| The task |
Within the records below, how many lines hold the string "noteq"? State that number and nothing else.

[The data — start]

(* Let $m,n,s,k,c$ be positive integers such that $2\leq s\leq n$, $2\leq k\leq m$ and $ms=nk$. Let $\Omega$ be a subset of size $nkc$ of an abelian group $\Gamma$, and set $d=\gcd(s,k)$. If there exists a diagonal $\mathrm{MS}_\Omega(\frac{nk}{d},\frac{nk}{d};d,d;c)$, then there exists an $\mathrm{MS}_\Omega(m,n;s,k;c)$. In particular, if there exists a diagonal $\mathrm{MS}^0_\Omega(\frac{nk}{d},\frac{nk}{d};d,d;c)$, then there exists a $\mathrm{MS}^0_\Omega(m,n;s,k;c)$.
   Context: Let $(\Gamma,+)$ be an abelian group and $\Omega\subseteq\Gamma$ with $|\Omega|>1$. A partially filled array is an array in which some cells may be empty. A magic partially filled array set $\mathrm{MS}_\Omega(m,n;s,k;c)$ is a set of $c$ partially filled $m\times n$ arrays with entries in $\Omega$ such that every element of $\Omega$ appears exactly once in exactly one of the arrays, every array has $s$ filled cells in each row and $k$ in each column, and there exist $x,y\in\Gamma$ such that in every array each row sums to $x$ and each column sums to $y$; it is zero-sum, written $\mathrm{MS}^0_\Omega(m,n;s,k;c)$, if $x=y=0_\Gamma$. For an $N\times N$ partially filled array $A=(a_{i,j})$, the cell $(i,j)$ belongs to the diagonal $D_r$ if $j-i\equiv r\pmod N$; $A$ is $\ell$-diagonal if its nonempty cells are exactly the cells of $\ell$ consecutive diagonals $D_r,D_{r+1},\ldots,D_{r+\ell-1}$ (indices mod $N$). An $\mathrm{MS}_\Omega(N,N;d,d;c)$ is diagonal if every one of its arrays is $d$-diagonal. *)

theory Defs
  imports Main
begin

text \<open>A partially filled m x n array with entries in type 'a is modelled as a function
  nat \<Rightarrow> nat \<Rightarrow> 'a option (row, column); None means empty cell.  Only the cells
  with i < m and j < n are relevant.  A family of c arrays is indexed by t < c.\<close>

type_synonym 'a pf_array = "nat \<Rightarrow> nat \<Rightarrow> 'a option"

definition row_cells :: "'a pf_array \<Rightarrow> nat \<Rightarrow> nat \<Rightarrow> nat set" where
  "row_cells A n i = {j. j < n \<and> A i j \<noteq> None}"

definition col_cells :: "'a pf_array \<Rightarrow> nat \<Rightarrow> nat \<Rightarrow> nat set" where
  "col_cells A m j = {i. i < m \<and> A i j \<noteq> None}"

text \<open>magic_set Omega m n s k c A x y: the family A 0, ..., A (c-1) is an
  MS_Omega(m,n;s,k;c) with row sums x and column sums y.\<close>

definition magic_set ::
  "'a::ab_group_add set \<Rightarrow> nat \<Rightarrow> nat \<Rightarrow> nat \<Rightarrow> nat \<Rightarrow> nat \<Rightarrow> (nat \<Rightarrow> 'a pf_array) \<Rightarrow> 'a \<Rightarrow> 'a \<Rightarrow> bool"
  where
  "magic_set \<Omega> m n s k c A x y \<longleftrightarrow>
     (\<forall>t<c. \<forall>i<m. \<forall>j<n. \<forall>v. A t i j = Some v \<longrightarrow> v \<in> \<Omega>) \<and>
     (\<forall>v\<in>\<Omega>. \<exists>!(t, i, j). t < c \<and> i < m \<and> j < n \<and> A t i j = Some v) \<and>
     (\<forall>t<c. \<forall>i<m. card (row_cells (A t) n i) = s) \<and>
     (\<forall>t<c. \<forall>j<n. card (col_cells (A t) m j) = k) \<and>
     (\<forall>t<c. \<forall>i<m. (\<Sum>j\<in>row_cells (A t) n i. the (A t i j)) = x) \<and>
     (\<forall>t<c. \<forall>j<n. (\<Sum>i\<in>col_cells (A t) m j. the (A t i j)) = y)"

[The data — finish]

| Result |
2